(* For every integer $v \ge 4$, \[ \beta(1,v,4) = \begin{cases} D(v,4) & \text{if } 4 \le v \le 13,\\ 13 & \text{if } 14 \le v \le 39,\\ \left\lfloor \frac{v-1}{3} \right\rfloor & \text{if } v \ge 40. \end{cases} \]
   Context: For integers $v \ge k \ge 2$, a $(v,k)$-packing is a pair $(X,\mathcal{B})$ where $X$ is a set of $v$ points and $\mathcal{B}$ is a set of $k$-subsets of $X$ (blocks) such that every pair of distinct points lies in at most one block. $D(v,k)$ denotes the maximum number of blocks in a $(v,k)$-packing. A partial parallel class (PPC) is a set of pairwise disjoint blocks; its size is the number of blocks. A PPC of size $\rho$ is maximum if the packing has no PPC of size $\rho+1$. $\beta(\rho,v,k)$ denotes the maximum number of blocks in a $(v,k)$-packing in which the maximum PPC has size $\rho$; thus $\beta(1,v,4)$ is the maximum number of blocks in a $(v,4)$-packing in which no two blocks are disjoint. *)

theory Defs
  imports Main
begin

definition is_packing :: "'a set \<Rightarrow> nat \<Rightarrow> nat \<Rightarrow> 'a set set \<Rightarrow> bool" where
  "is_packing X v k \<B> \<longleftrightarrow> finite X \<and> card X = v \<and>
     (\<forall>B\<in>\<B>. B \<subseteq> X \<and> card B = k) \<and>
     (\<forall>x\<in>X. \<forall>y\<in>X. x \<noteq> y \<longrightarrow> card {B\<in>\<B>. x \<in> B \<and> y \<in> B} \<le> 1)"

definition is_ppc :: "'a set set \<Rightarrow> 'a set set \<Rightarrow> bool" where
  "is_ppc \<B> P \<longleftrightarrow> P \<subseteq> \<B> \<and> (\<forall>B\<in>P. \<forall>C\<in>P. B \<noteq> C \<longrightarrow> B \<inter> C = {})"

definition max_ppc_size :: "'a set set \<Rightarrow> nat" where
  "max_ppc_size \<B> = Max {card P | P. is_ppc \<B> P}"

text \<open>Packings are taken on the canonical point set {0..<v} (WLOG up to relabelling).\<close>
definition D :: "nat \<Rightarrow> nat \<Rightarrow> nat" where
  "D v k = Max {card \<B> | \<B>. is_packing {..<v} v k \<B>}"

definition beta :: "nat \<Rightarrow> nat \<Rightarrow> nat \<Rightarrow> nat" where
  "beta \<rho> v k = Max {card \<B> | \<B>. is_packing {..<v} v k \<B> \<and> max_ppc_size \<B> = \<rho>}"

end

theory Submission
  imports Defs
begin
++++++++++
Line count for the string "forall": state how many lines in the data contain it, and output nothing else.

**SOLVED PROBLEM**
3